Find every line below where the string "section" shows up, and copy those lines.

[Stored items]
::::

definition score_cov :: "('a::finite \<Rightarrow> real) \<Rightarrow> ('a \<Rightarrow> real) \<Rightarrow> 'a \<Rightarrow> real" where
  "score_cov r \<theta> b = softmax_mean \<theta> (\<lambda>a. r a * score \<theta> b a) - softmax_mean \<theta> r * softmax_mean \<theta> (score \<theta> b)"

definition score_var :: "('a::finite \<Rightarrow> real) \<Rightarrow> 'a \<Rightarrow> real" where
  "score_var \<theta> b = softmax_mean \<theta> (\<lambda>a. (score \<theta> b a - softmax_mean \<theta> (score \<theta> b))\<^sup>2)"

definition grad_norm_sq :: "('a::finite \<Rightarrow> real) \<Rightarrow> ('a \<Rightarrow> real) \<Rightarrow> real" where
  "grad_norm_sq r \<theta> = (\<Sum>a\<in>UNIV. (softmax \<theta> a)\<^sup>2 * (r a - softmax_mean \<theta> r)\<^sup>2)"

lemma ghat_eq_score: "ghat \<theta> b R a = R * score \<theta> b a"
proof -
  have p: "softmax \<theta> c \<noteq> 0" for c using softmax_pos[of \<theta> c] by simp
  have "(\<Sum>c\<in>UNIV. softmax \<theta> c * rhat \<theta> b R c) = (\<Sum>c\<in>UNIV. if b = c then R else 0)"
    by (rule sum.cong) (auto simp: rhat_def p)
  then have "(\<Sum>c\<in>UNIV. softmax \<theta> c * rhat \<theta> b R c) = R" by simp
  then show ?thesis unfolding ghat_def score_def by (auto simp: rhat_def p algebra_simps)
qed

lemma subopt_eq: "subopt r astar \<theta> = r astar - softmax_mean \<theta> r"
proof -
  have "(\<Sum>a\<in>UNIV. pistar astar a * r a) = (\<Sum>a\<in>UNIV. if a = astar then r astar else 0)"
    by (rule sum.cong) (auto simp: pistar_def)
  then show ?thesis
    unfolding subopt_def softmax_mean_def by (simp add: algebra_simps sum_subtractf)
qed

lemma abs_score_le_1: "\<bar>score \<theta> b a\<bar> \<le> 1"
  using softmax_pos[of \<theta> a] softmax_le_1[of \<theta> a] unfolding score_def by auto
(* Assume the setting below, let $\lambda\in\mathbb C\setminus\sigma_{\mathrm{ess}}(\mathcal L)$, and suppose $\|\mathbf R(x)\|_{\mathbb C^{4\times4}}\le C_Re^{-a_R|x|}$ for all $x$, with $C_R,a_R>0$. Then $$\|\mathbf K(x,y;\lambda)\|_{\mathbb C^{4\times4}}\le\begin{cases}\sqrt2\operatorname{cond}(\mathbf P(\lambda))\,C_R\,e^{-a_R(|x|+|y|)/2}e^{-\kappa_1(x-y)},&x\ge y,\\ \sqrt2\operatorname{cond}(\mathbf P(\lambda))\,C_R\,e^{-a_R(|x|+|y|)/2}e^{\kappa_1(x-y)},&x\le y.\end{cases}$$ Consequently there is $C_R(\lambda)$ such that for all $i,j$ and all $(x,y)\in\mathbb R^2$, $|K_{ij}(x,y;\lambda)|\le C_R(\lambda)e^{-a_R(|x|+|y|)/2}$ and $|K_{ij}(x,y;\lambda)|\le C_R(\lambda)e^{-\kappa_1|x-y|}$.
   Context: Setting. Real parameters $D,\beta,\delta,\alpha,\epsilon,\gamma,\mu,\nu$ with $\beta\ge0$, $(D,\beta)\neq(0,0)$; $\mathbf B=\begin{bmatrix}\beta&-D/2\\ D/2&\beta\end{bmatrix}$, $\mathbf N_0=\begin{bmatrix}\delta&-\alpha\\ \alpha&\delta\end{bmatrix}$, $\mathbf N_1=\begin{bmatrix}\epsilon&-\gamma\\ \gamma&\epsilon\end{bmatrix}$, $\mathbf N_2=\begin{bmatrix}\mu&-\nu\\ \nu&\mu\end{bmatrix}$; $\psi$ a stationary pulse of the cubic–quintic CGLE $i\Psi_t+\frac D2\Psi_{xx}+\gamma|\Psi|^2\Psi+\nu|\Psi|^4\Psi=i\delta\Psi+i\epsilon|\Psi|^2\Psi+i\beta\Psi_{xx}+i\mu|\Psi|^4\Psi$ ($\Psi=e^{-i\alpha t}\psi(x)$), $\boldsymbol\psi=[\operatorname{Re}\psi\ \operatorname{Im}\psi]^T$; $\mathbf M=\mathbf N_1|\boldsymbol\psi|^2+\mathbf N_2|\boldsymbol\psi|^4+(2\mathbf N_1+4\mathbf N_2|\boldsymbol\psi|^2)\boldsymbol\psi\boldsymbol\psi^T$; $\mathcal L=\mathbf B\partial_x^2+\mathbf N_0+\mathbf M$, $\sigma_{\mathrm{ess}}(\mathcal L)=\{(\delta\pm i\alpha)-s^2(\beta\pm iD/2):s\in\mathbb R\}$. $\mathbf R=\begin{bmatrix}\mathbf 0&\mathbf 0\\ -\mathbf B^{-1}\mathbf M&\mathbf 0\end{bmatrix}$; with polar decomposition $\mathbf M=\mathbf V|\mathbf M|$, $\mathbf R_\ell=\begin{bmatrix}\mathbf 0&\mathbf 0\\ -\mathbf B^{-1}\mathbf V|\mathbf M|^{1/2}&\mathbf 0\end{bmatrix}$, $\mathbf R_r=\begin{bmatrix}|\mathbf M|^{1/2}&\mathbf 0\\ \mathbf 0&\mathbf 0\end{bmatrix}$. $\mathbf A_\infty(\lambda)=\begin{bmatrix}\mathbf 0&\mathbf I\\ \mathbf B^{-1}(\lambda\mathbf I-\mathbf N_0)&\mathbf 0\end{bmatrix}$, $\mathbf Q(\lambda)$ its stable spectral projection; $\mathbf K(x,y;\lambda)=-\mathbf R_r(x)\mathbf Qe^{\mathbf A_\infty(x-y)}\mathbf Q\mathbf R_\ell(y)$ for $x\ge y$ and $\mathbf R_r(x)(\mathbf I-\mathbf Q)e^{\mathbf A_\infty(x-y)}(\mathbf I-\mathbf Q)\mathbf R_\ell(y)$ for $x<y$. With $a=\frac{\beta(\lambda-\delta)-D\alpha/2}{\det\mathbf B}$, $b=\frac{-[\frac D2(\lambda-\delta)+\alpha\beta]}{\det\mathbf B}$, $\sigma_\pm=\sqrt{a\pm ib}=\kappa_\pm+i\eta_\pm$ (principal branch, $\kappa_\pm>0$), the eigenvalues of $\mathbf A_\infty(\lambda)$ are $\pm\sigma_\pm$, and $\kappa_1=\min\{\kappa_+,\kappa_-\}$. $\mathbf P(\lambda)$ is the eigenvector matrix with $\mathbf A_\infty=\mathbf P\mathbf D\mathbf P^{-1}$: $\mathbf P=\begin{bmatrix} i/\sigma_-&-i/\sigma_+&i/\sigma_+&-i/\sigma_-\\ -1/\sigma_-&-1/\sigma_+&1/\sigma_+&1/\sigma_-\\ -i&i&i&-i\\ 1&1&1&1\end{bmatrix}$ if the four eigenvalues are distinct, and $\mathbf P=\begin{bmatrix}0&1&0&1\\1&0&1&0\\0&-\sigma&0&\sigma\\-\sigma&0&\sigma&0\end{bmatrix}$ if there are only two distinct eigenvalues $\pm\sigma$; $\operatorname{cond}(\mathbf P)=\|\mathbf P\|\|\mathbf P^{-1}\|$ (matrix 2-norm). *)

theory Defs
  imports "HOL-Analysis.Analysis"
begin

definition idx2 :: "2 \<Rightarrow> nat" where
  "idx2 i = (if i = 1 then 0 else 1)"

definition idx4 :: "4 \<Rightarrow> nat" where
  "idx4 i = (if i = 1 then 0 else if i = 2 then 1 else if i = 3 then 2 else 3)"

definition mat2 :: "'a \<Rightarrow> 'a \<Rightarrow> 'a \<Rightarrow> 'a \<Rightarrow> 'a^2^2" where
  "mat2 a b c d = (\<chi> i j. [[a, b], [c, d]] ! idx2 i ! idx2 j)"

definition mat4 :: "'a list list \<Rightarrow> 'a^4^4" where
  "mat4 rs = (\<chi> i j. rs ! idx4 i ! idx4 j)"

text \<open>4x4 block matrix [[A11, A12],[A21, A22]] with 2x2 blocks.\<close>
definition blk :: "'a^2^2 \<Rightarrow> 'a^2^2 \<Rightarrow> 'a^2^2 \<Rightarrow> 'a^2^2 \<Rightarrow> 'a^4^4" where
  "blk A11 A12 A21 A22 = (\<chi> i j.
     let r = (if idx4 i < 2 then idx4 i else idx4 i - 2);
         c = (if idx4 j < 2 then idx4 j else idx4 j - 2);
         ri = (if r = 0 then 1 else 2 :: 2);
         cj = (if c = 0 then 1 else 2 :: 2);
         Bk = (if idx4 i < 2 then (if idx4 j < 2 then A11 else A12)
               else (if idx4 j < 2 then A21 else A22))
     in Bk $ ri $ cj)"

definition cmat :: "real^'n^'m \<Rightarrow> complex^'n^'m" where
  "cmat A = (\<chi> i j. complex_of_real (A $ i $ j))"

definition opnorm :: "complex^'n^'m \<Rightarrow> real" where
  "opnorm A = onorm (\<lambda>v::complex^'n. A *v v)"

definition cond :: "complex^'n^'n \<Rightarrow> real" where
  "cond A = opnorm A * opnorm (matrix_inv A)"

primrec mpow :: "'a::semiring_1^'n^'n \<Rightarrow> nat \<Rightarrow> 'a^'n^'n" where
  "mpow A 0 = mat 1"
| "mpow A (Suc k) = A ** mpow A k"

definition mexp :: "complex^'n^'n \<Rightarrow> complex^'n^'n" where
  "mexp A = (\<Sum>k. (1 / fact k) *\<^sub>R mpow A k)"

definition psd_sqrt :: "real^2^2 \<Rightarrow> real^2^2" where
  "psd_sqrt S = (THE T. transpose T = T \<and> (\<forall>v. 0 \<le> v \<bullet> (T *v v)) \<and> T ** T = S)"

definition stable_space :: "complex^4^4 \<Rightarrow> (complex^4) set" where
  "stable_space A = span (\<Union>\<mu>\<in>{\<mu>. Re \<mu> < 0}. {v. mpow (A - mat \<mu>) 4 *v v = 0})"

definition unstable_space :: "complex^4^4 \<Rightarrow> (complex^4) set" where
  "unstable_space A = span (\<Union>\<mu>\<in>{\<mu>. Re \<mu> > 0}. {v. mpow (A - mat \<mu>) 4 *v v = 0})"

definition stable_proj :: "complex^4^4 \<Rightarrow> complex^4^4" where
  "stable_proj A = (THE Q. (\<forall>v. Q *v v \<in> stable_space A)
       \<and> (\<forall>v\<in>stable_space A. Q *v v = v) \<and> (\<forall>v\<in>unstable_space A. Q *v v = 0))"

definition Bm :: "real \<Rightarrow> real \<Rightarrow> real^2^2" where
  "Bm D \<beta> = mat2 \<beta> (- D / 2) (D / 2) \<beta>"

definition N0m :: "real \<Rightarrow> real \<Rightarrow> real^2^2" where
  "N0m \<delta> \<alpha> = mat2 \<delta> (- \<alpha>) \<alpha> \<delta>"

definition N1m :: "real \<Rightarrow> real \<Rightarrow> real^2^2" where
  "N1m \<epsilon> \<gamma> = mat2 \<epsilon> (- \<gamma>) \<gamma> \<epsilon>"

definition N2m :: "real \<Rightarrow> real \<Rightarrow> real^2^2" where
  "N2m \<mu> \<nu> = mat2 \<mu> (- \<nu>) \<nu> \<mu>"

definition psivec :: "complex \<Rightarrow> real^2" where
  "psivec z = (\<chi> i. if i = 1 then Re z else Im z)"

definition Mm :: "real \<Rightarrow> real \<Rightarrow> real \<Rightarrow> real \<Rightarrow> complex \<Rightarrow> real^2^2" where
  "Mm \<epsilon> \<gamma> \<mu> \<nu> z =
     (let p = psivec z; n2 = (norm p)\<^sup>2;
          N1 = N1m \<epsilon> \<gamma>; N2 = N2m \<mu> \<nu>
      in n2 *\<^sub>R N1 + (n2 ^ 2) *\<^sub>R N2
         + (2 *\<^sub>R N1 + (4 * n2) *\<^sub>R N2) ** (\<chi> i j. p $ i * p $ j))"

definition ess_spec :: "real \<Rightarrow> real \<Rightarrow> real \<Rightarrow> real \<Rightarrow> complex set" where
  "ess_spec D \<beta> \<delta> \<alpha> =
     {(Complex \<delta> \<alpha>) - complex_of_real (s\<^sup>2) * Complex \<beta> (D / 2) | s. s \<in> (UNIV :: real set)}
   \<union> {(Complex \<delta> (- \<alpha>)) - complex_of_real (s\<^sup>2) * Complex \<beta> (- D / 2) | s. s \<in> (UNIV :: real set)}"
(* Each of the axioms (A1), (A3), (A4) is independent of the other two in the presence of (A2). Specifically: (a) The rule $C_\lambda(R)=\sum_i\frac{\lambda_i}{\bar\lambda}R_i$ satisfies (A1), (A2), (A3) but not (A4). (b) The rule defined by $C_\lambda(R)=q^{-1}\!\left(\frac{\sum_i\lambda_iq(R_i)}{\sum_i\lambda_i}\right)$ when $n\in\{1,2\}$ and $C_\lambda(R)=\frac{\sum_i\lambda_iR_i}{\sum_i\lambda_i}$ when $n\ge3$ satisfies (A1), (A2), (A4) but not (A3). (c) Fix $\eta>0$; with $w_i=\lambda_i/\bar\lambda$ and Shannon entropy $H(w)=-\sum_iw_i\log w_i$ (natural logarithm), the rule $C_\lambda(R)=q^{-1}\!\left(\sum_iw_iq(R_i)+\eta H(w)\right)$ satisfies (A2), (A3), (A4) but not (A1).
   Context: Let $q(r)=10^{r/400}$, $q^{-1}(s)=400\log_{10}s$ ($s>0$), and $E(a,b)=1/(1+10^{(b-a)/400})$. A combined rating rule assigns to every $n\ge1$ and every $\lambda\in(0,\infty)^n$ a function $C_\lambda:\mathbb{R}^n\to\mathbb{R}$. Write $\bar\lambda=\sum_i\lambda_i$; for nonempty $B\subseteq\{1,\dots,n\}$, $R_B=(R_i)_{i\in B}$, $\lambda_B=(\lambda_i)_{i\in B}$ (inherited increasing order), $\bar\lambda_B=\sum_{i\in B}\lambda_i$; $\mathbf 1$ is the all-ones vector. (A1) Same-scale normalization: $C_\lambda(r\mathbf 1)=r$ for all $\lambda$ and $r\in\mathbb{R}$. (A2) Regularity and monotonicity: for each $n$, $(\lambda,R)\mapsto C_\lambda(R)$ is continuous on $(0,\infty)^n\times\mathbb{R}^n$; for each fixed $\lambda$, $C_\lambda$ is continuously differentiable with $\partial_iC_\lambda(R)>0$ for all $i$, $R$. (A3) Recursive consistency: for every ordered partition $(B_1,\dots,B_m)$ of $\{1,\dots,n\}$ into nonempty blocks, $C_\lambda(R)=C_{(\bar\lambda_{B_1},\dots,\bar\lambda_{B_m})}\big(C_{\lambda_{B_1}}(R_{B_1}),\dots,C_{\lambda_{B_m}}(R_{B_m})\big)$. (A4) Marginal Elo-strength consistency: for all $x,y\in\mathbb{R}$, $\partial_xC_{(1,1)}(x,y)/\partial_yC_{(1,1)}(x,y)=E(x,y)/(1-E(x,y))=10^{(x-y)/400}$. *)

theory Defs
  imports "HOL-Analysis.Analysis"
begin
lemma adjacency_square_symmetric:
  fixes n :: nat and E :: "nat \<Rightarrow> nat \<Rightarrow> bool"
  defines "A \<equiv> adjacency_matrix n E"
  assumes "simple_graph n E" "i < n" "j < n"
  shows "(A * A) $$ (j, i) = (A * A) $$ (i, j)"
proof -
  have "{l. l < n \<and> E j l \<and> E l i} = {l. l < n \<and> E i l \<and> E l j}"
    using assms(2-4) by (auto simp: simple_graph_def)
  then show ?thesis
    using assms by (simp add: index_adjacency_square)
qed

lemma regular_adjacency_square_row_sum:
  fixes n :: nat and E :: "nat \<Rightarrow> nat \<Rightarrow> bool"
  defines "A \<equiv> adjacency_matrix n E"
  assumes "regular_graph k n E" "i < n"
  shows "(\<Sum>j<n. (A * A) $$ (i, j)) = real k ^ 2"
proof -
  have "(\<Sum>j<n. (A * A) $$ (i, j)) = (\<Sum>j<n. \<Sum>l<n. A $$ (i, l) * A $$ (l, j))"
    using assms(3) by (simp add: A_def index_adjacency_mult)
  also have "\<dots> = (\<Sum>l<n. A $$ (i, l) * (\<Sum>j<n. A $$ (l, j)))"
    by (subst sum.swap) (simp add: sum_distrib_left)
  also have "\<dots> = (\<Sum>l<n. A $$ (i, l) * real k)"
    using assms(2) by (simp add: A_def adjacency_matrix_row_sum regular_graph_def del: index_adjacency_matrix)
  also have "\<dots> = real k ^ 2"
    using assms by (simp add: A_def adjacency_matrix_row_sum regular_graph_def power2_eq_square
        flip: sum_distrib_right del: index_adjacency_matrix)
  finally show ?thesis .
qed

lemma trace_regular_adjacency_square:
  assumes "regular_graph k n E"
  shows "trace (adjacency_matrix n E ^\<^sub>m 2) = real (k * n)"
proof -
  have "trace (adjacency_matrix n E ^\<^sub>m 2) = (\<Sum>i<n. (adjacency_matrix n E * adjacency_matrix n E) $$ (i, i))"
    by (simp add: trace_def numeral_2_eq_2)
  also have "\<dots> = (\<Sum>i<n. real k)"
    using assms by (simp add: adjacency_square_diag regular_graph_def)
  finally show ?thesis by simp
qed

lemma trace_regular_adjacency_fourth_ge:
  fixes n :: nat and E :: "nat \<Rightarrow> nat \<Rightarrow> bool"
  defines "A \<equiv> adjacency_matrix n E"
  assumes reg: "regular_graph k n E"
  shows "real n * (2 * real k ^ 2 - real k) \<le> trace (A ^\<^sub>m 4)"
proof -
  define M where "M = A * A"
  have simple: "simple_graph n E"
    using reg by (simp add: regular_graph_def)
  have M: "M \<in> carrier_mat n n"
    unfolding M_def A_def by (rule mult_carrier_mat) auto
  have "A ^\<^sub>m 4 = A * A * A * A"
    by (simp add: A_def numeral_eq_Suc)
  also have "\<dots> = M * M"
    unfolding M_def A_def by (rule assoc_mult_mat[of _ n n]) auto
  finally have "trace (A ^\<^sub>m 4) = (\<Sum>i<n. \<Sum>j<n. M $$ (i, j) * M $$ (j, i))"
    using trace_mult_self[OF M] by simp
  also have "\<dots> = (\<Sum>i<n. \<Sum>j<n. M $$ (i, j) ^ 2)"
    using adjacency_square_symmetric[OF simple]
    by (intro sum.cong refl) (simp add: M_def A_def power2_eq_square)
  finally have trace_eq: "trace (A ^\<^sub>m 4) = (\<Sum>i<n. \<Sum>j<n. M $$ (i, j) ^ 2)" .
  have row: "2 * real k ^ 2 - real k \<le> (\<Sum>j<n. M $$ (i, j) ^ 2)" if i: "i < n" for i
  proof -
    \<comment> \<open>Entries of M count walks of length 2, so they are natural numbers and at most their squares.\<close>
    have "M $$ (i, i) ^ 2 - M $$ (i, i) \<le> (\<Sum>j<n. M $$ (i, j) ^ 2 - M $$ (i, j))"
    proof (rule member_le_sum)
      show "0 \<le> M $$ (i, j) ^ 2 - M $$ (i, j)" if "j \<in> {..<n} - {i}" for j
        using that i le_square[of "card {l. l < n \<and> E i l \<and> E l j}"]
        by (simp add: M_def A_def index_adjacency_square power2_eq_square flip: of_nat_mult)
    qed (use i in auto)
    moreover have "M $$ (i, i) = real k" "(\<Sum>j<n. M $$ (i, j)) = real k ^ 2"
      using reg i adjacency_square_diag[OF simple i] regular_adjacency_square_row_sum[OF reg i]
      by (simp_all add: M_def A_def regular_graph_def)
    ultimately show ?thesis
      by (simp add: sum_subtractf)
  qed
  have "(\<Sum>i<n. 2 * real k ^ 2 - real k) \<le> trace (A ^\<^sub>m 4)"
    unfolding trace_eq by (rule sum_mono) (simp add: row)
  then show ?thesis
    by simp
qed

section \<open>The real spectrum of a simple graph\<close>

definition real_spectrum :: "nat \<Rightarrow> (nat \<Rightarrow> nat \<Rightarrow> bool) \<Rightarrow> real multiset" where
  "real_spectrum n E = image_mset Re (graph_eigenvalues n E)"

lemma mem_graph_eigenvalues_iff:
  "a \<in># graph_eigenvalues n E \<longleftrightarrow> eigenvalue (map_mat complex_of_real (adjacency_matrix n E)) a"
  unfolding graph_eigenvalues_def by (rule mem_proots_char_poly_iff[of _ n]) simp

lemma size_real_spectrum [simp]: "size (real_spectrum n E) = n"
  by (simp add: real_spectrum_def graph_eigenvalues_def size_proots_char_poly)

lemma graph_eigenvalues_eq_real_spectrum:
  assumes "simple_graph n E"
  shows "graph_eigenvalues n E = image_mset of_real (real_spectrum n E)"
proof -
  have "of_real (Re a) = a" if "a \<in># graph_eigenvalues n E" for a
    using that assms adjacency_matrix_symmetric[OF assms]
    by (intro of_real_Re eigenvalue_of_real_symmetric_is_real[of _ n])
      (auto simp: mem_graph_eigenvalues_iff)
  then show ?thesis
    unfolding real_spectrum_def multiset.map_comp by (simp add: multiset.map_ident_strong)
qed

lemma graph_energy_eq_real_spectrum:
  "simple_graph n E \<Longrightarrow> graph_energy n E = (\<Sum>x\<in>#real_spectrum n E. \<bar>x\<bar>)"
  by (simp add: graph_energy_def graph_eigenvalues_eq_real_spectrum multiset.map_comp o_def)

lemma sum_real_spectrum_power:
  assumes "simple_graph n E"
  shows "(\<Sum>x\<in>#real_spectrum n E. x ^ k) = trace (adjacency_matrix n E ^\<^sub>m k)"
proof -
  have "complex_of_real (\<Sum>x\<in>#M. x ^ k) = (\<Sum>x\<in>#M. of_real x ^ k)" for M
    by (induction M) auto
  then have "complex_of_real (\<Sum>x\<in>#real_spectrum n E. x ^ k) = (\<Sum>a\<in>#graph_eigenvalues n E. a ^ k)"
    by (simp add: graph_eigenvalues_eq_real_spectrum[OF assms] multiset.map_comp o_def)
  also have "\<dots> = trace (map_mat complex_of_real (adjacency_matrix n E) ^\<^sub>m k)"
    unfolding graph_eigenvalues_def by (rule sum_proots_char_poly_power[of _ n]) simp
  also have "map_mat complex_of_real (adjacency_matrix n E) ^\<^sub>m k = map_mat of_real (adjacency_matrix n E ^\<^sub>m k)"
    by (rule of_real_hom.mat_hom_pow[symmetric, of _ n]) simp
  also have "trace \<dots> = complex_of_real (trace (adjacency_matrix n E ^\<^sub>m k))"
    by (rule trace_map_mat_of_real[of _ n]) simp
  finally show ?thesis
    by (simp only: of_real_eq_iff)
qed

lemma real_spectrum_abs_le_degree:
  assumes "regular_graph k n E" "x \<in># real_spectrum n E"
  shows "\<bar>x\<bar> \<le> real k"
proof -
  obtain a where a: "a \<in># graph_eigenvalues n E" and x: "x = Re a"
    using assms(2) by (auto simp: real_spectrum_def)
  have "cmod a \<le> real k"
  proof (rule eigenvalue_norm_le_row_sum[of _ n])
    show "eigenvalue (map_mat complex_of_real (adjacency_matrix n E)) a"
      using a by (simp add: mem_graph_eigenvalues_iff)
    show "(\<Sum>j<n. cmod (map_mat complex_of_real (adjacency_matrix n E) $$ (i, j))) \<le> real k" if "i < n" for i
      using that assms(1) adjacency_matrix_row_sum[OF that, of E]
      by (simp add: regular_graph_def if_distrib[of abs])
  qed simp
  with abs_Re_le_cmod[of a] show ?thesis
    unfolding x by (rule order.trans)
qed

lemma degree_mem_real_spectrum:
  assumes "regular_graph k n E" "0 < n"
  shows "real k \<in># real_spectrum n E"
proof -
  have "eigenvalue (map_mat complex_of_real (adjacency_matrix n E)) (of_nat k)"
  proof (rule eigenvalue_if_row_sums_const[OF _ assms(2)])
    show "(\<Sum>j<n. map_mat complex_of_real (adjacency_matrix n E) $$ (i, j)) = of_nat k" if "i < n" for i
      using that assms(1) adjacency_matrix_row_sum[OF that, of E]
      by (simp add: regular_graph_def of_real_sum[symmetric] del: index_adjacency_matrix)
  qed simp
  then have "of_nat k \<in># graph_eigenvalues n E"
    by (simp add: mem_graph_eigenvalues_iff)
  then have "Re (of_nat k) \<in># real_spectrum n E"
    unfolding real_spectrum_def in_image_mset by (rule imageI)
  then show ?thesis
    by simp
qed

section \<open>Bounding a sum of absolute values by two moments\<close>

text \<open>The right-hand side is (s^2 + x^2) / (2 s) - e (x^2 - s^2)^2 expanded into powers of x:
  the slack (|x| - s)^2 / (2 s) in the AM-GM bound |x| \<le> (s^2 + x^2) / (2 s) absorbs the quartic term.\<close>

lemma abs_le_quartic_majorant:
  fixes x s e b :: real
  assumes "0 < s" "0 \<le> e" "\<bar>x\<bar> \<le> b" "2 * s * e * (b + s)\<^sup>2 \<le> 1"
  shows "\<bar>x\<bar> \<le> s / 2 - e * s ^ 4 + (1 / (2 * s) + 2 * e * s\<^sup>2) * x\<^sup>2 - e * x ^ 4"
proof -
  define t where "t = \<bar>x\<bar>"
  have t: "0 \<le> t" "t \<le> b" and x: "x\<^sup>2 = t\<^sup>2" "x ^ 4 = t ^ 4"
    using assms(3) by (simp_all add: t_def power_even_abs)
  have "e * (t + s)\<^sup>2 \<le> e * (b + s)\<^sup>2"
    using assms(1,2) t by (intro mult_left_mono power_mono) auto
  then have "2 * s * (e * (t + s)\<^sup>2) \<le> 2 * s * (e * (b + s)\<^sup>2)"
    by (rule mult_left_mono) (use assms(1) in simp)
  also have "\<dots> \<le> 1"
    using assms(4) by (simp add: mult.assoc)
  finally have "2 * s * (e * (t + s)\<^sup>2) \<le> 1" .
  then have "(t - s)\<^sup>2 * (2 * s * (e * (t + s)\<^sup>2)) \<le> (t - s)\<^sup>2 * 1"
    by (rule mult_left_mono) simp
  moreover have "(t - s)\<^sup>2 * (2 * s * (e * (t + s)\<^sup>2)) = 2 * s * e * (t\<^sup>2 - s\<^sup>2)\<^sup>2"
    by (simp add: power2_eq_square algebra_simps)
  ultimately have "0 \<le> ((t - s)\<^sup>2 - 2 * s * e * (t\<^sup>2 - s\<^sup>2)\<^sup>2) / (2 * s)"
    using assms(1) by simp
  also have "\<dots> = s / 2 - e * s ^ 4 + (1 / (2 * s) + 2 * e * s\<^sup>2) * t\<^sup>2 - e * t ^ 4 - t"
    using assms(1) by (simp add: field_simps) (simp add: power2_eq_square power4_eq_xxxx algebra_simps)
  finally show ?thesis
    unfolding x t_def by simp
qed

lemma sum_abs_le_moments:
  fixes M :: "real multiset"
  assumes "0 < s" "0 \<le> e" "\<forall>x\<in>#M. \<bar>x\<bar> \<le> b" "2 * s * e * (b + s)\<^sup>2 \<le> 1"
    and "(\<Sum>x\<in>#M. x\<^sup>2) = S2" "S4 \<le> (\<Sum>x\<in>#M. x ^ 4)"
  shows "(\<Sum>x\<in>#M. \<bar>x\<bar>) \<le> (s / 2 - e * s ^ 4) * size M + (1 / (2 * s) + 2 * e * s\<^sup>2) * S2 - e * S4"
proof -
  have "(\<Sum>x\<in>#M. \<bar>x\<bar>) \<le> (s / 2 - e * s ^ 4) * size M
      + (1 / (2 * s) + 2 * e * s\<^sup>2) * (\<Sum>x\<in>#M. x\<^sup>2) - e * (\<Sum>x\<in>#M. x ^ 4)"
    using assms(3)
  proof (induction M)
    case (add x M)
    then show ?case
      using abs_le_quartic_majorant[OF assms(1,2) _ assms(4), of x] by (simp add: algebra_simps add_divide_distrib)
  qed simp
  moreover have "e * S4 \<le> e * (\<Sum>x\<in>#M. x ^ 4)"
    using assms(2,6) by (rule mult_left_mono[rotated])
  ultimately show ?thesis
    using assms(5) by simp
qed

::::

▶ [RESULT]
section \<open>The real spectrum of a simple graph\<close>
section \<open>Bounding a sum of absolute values by two moments\<close>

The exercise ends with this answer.